He does not say how he answered, indeed it was hardly by words that this hidalgo of Spain preached in the many languages he could never learn. Once when his converts were threatened by a hostile army he went alone to challenge the invaders, and with uplifted crucifix rebuked them in the name of God. The front ranks wavered and halted. Their comrades and leaders vainly pressed them to advance, but no man dared pass the black-robed figure which barred the way, and presently the whole force retreated.

Once in the Spice Islands while he was saying mass on the feast of the Archangel Saint Michael a tremendous earthquake scattered the congregation. The priest held up the shaking altar and went on with mass, while, as he says, “Perhaps Saint Michael, by his heavenly power, was driving into the depths of hell all the wicked spirits of the country who were opposing the worship of the true God.”

Such was the apostle of the Indies, and it is a pleasant thing to trace the story of his mission in Japan in the Peregrination, a book by a thorough rogue.

Fernão Mendes Pinto was a distant relative of Ananias. He sailed for India in 1537 “meanly accommodated.” At Diu he joined an expedition to watch the Turkish fleet in the Red Sea, and from Massawa was sent with letters to the king of Abyssinia. That was great luck, because the very black and more or less Christian kingdom was supposed to be the seat of the legendary, immortal, shadowy, Prester John. On his way back to Massawa the adventurer was wrecked, captured by Arabs, sold into slavery, bought by a Jew, and resold in the commercial city of Ormus where there were Christian buyers. He found his way to Goa, the capital of the Portuguese Indies, thence to Malacca, where he got a job as political agent in Sumatra. With this ended the dull period of his travels.

Francis Xavier

In those days there were ships manned by Portuguese rogues very good in port, but unpleasant to meet with at sea. They were armed with cannon, pots of wild fire, unslaked lime to be flung in the Chinese manner, stones, javelins, arrows, half-pikes, axes and grappling irons, all used to collect toll from Chinese, Malay, or even Arab merchants. Pinto found that this life suited him, and long afterward, writing as a penitent sinner, described the fun of torturing old men and children: “Made their brains fly out of their heads with a cord” or looked on while the victims died raving “like mad dogs.” It was great sport to surprise some junk at anchor, and fling pots of gunpowder among the sleeping crew, then watch them dive and drown. “The captain of one such junk was ‘a notorious Pyrat,’ and Pinto complacently draws the moral ‘Thus you see how it pleased God, out of His Divine justice to make the arrogant confidence of this cursed dog a means to chastise him for his cruelties.’”

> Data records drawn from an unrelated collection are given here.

lemma point_index_in_cell_indices_nonneg:
  assumes \<delta>: "0 < \<delta>" and l: "0 \<le> l" and s: "s \<in> N j \<omega>" "s \<in> grid_cell \<delta> l"
  shows "point_index (N j \<omega>) s \<in> cell_indices \<delta> j l \<omega>"
proof -
  have sl: "of_int l * \<delta> < s" "s \<le> (of_int l + 1) * \<delta>"
    using s unfolding grid_cell_def by auto
  have "0 \<le> of_int l * \<delta>"
    using l \<delta> by simp
  then have "0 < s"
    using sl by linarith
  define below where "below a = N j \<omega> \<inter> {0 <.. a}" for a
  have fin: "finite (below a)" for a
    unfolding below_def by (rule locally_finite) (simp add: bounded_subset[OF bounded_cball])
  have "card (insert s (below (of_int l * \<delta>))) \<le> card (below s)"
    by (rule card_mono[OF fin]) (use s(1) \<open>0 < s\<close> sl in \<open>auto simp: below_def\<close>)
  then have lo: "card (below (of_int l * \<delta>)) < card (below s)"
    using fin sl by (simp add: below_def)
  have up: "card (below s) \<le> card (below (of_int (l+1) * \<delta>))"
    by (rule card_mono[OF fin]) (use sl in \<open>auto simp: below_def\<close>)
  have "{0..<l+1} = insert l {0..<l}"
    using l by auto
  then have "card (below (of_int (l+1) * \<delta>)) = (\<Sum>l'\<in>{0..<l}. cell_count \<delta> j l' \<omega>) + cell_count \<delta> j l \<omega>"
    using card_points_grid_interval[OF \<delta>, of 0 "l+1" j \<omega>] l by (simp add: below_def)
  moreover have "card (below (of_int l * \<delta>)) = (\<Sum>l'\<in>{0..<l}. cell_count \<delta> j l' \<omega>)"
    using card_points_grid_interval[OF \<delta> l, of j \<omega>] by (simp add: below_def)
  moreover have "point_index (N j \<omega>) s = int (card (below s))"
    using \<open>0 < s\<close> unfolding point_index_def below_def by simp
  ultimately show ?thesis
    using lo up l unfolding cell_indices_def index_block_def by (simp del: of_nat_sum)
qed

So Christians set an example to the heathen.

Antonio de Faria, Pinto’s captain, had vowed to wipe out Kwaja Hussain, a Moslem corsair from Gujerat in Western India. In search of Hussain he had many adventures in the China seas, capturing pirate crews, dashing out their brains, and collecting amber, gold and pearls. Off Hainan he so frightened the local buccaneers that they proclaimed him their king and arranged to pay him tribute.

Luckily for them Faria’s ship was cast away upon a desert island. The crew found a deer which had been left by a tiger, half eaten; their shouts would scare the gulls as they flew overhead, so that the birds dropped such fish as they had captured; and then by good luck they discovered a Chinese junk whose people, going ashore, had left her in charge of an old man and a child. Amid the clamors of the Chinese owners Faria made off with this junk. He was soon at the head of a new expedition in quest of that wicked pirate, Kwaja Hussain. This ambition was fulfilled, and with holds full of plunder the virtuous Faria put into Liampo. Back among the Christians he had a royal welcome, but actually blushed when a sermon was preached in his honor. The preacher waxed too eloquent, “whereupon some of his friends plucked him three or four times by the surplice, for to make him give over.” It seems that even godly Christian pirates have some sense of humor.